WHAT THE TASK REQUIRES:
All that is wanted is how many lines in the records below include the string "lemma".

PROVIDED MATERIAL:
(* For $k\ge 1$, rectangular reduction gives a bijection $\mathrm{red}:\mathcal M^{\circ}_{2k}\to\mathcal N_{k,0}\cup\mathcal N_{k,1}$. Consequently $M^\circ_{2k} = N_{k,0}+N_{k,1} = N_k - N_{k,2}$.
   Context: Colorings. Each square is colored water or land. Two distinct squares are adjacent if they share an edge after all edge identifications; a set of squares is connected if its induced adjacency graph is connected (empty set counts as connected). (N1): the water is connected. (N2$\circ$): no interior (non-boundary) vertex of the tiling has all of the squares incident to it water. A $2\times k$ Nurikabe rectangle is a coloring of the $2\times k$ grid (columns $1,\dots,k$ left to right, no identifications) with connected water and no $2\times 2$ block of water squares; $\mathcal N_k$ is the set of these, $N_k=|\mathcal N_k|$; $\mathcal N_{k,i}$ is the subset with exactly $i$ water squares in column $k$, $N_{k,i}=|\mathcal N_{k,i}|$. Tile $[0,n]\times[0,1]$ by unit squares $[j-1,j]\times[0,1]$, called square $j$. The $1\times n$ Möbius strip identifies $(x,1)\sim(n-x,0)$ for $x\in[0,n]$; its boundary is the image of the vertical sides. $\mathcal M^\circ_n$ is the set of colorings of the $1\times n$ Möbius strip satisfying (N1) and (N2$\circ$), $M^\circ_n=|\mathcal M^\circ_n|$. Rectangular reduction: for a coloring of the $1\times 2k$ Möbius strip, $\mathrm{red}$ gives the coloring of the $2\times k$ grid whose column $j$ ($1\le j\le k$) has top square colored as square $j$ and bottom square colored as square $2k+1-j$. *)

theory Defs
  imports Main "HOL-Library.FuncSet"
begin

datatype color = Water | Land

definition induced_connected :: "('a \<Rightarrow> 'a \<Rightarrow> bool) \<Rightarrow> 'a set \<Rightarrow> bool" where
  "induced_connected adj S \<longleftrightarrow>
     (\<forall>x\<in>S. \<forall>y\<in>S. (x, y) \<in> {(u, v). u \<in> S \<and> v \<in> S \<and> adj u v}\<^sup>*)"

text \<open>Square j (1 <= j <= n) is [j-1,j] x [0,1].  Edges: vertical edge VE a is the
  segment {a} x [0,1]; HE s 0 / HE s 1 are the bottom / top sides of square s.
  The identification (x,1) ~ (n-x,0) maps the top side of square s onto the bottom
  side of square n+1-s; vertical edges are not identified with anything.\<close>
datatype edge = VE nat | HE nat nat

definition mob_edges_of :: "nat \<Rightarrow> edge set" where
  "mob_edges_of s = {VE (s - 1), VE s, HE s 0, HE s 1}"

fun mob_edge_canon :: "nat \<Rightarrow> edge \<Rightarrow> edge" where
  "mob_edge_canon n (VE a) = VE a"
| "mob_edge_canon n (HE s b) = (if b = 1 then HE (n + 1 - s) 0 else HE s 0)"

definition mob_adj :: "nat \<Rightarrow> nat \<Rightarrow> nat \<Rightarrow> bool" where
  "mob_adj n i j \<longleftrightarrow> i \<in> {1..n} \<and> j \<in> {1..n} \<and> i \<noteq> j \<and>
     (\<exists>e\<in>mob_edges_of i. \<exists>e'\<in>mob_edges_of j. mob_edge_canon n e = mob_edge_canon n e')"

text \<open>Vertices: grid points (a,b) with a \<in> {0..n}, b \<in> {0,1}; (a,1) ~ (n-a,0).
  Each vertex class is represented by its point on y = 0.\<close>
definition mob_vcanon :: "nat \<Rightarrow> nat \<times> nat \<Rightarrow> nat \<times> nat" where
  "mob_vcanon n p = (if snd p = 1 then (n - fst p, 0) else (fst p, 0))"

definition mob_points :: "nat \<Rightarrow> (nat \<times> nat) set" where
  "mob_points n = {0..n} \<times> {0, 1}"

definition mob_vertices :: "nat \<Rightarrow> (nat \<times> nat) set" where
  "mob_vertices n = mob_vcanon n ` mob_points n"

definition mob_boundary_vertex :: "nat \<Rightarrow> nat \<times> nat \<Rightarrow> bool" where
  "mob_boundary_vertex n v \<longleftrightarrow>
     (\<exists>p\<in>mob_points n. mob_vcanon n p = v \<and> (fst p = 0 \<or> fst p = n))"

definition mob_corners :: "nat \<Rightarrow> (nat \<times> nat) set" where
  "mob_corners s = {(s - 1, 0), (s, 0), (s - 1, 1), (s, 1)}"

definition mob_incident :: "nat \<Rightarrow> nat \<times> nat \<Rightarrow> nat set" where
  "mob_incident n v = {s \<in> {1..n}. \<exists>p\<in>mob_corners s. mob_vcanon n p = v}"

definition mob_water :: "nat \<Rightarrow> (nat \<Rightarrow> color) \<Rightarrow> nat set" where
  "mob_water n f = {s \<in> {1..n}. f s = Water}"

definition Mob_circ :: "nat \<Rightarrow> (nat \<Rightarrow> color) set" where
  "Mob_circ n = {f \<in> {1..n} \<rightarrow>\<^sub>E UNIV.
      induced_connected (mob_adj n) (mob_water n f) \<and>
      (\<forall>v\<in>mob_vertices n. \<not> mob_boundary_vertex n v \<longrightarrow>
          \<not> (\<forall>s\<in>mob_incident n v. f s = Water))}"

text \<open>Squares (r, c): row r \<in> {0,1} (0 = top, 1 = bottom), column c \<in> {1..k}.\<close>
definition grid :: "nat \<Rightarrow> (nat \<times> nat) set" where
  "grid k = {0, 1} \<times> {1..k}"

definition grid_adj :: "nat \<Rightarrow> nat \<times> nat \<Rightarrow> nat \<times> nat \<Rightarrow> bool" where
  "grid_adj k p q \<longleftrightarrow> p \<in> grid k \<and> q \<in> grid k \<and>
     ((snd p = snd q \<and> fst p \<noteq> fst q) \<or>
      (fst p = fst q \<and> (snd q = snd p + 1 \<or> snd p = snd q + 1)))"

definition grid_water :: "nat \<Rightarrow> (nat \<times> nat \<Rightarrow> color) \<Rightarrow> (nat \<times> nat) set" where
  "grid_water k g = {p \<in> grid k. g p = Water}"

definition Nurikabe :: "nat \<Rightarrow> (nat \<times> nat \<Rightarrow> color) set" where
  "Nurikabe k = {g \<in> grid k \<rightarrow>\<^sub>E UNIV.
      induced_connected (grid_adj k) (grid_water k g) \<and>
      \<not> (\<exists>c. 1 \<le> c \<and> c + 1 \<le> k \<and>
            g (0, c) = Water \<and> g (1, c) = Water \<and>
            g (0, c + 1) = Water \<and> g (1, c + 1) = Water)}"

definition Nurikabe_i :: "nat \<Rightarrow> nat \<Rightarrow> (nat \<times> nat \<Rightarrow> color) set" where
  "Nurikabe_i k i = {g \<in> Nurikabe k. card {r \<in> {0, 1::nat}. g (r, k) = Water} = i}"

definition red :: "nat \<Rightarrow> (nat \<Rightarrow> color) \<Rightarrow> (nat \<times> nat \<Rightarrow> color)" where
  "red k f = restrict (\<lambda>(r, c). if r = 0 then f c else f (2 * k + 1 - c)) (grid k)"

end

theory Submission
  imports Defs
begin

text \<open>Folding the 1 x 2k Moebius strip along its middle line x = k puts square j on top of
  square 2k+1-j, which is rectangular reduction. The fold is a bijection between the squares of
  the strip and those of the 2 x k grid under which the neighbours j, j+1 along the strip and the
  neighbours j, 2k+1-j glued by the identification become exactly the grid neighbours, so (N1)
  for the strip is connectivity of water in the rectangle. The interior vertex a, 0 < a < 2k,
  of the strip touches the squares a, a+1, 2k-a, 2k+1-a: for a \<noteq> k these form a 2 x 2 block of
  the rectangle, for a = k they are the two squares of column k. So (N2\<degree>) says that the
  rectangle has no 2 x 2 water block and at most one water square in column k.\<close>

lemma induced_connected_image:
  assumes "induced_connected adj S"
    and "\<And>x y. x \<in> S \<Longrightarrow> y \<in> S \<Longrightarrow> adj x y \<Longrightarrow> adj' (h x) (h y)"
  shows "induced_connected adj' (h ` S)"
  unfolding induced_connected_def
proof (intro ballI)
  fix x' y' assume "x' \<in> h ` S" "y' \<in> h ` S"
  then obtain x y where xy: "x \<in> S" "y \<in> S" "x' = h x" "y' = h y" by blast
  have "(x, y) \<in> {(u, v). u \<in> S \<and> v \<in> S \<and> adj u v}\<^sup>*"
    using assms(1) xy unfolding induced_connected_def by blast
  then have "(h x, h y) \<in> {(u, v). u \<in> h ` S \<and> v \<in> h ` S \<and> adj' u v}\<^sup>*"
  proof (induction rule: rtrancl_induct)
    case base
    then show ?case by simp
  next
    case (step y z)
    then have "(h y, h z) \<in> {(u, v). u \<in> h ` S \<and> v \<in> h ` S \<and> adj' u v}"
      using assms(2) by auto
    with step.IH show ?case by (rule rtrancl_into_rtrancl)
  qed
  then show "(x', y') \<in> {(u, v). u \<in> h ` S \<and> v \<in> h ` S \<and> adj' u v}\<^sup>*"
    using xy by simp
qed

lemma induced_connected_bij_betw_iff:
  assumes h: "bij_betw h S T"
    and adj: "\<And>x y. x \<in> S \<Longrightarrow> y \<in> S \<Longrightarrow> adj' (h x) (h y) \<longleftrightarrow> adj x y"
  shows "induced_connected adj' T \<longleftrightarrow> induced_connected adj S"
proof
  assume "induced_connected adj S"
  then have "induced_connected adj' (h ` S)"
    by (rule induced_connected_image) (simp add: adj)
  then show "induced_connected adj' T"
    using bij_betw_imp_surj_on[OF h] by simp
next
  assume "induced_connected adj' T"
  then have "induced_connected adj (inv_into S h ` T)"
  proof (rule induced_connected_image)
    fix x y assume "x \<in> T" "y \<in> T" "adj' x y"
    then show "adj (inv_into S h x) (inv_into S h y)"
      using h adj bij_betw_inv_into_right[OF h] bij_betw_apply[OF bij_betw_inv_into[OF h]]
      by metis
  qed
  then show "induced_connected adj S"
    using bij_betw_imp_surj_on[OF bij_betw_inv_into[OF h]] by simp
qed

ANSWER BELOW:
2